C.P : La situation n'est pas manichéenne et nous ne sommes pas agents d'individus. Notre premier desiderata est de constituer une communauté large. Le deuxième que se constituent de jolies histoires autour de certains talents, et que l'on puisse capitaliser à un moment donné sur ce qu'ils font. Maintenant, ce n'est pas parce qu'on les aura aidé à se faire connaître qu'ils resteront chez nous indéfiniment. Mais si les auteurs que nous avons accueillis disent être passés sur Eyeka, c'est une autre manière de faire parler de nous.
 
L'Atelier : Finalement, vous définissez-vous plus comme une plate-forme communautaire ou de production?
 
C.P : Je dirais que nous sommes une plate-forme communautaire de connexion et de distribution, et pas de production. Cela ne nous empêchera cependant pas de nouer des accords avec des producteurs pour amener nos auteurs vers plus de valeurs ajoutées, ni parfois d'aider à ce que de tels projets existent.
 
L'Atelier : Pensez-vous que la découverte de talents sur Internet, puis leur réappropriation par les médias traditionnels, s'imposera dans l'avenir comme le circuit prépondérant de distribution des contenus?
 
C.P : Définitivement. Internet sert à accélérer ce qui peut être désintermédié et qui finalement, dans la vraie vie, est parfois difficilement accessible.
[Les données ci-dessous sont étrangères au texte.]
lemma Lp_norm_2_sq: "(Lp_norm R 2 f)\<^sup>2 = (\<Sum>x\<in>carrier3 R. (cmod (f x))\<^sup>2)"
  unfolding Lp_norm_2_eq_L2_set L2_set_def by (simp add: sum_nonneg)

lemma Lp_norm_4_eq: "Lp_norm R 4 f = (\<Sum>x\<in>carrier3 R. (cmod (f x)) ^ 4) powr (1/4)"
  unfolding Lp_norm_def by (simp add: powr_numeral)

lemma Lp_norm_4_sq: "(Lp_norm R 4 f)\<^sup>2 = L2_set (\<lambda>x. (cmod (f x))\<^sup>2) (carrier3 R)"
  unfolding Lp_norm_4_eq L2_set_def
  by (simp add: sq_powr powr_half_sqrt sum_nonneg power_mult[symmetric])

lemma L2_sigma_norm_fhat_sq:
  assumes "cring R" "finite (carrier R)" "additive_char R e" "e \<zero>\<^bsub>R\<^esub> = 1"
  shows "(L2_sigma_norm R (fhat R e g))\<^sup>2
     = (Lp_norm R 2 g)\<^sup>2 + Re (\<Sum>x\<in>carrier3 R. cnj (g x) * conv3 R g (Kker R e) x)"
proof -
  have "ring R" using assms(1) by (rule cring.axioms)
  let ?N = "card (carrier R)" and ?cross = "\<Sum>x\<in>carrier3 R. cnj (g x) * conv3 R g (Kker R e) x"
  have split: "(\<Sum>x\<in>carrier3 R. cnj (g x) * conv3 R g (dsigma_check R e) x)
      = (\<Sum>x\<in>carrier3 R. g x * cnj (g x)) + ?cross"
    unfolding sum.distrib[symmetric]
    by (intro sum.cong refl)
      (simp add: conv3_dsigma_check[OF \<open>ring R\<close> assms(2)] distrib_left mult.commute)
  have Re_scale: "Re (of_nat ?N ^ 2 * w) = real ?N ^ 2 * Re w" for w by simp
  have "(\<Sum>\<xi>\<in>parab R. (cmod (fhat R e g \<xi>))\<^sup>2) = Re (\<Sum>\<xi>\<in>parab R. fhat R e g \<xi> * cnj (fhat R e g \<xi>))"
    unfolding Re_sum Re_mult_cnj ..
  also have "\<dots> = real ?N ^ 2 * ((Lp_norm R 2 g)\<^sup>2 + Re ?cross)"
    unfolding sum_parab_norm_fhat_sq[OF assms] Re_scale split plus_complex.sel Re_sum Re_mult_cnj
      Lp_norm_2_sq ..
  finally have sum_eq: "(\<Sum>\<xi>\<in>parab R. (cmod (fhat R e g \<xi>))\<^sup>2)
      = real ?N ^ 2 * ((Lp_norm R 2 g)\<^sup>2 + Re ?cross)" .
  moreover have "0 \<le> (\<Sum>\<xi>\<in>parab R. (cmod (fhat R e g \<xi>))\<^sup>2)" by (simp add: sum_nonneg)
  ultimately have "0 \<le> (Lp_norm R 2 g)\<^sup>2 + Re ?cross"
    using card_carrier_gt_0[OF \<open>ring R\<close> assms(2)] by (simp add: zero_le_mult_iff)
  then show ?thesis
    unfolding L2_sigma_norm_def sum_eq using card_carrier_gt_0[OF \<open>ring R\<close> assms(2)] by simp
qed

lemma L2_sigma_norm_fhat_eq_0:
  assumes "ring R" "additive_char R e" "e \<zero>\<^bsub>R\<^esub> = 0"
  shows "L2_sigma_norm R (fhat R e g) = 0"
proof -
  interpret ring R by fact
  have "e (\<ominus>\<^bsub>R\<^esub> dot3 R x \<xi>) = 0" if "x \<in> carrier3 R" "\<xi> \<in> parab R" for x \<xi>
  proof -
    have "\<xi> \<in> carrier3 R" using that(2) parab_subset_carrier3[OF assms(1)] by auto
    then show ?thesis
      by (intro additive_char_vanishes[OF assms(2,3)] add.inv_closed dot3_closed[OF assms(1) that(1)])
  qed
  then have "fhat R e g \<xi> = 0" if "\<xi> \<in> parab R" for \<xi>
    unfolding fhat_def using that by (intro sum.neutral ballI) simp
  then show ?thesis unfolding L2_sigma_norm_def by simp
qed

lemma conv3_eq_sum_slices:
  assumes "finite (carrier R)"
  shows "conv3 R g K x = (\<Sum>z\<in>carrier R. conv3 R (slice g z) K x)"
proof -
  have "g y = (\<Sum>z\<in>carrier R. slice g z y)" if "y \<in> carrier3 R" for y
    using that assms by (simp add: slice_def mem_carrier3_iff)
  then have "conv3 R g K x = (\<Sum>y\<in>carrier3 R. \<Sum>z\<in>carrier R. slice g z y * K (sub3 R x y))"
    unfolding conv3_def by (intro sum.cong refl) (simp add: sum_distrib_right)
  then show ?thesis unfolding conv3_def by (simp add: sum.swap[of _ "carrier3 R"])
qed

lemma L2_set_sum_le:
  assumes "finite Z"
  shows "L2_set (\<lambda>x. \<Sum>z\<in>Z. f z x) A \<le> (\<Sum>z\<in>Z. L2_set (f z) A)"
  using assms
proof (induction Z rule: finite_induct)
  case (insert a Z)
  have "L2_set (\<lambda>x. \<Sum>z\<in>insert a Z. f z x) A = L2_set (\<lambda>x. f a x + (\<Sum>z\<in>Z. f z x)) A"
    using insert by simp
  also have "\<dots> \<le> L2_set (f a) A + L2_set (\<lambda>x. \<Sum>z\<in>Z. f z x) A" by (rule L2_set_triangle_ineq)
  also have "\<dots> \<le> L2_set (f a) A + (\<Sum>z\<in>Z. L2_set (f z) A)" using insert by simp
  finally show ?case using insert by simp
qed (simp add: L2_set_def)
En ce qui concerne la vidéo, le marché de la distribution est certes organisé, notamment avec les salons de rencontre, mais il n'en demeure pas moins que pour certains producteurs, il est très compliqué de distribuer leurs droits au-delà de ce qu'ils ont fait en France. Nous croyons que toute plate-forme de distribution on-line à destination des professionnels qui va commencer à voir le jour aura une vraie chance de toucher un public.
Du côté des mobiles, c'est encore un cauchemar d'aller chercher des contenus adaptés. Et il est tout aussi difficile pour les gens qui produisent ce type de contenus de les vendre aux opérateurs. Il y a encore beaucoup de choses à inventer!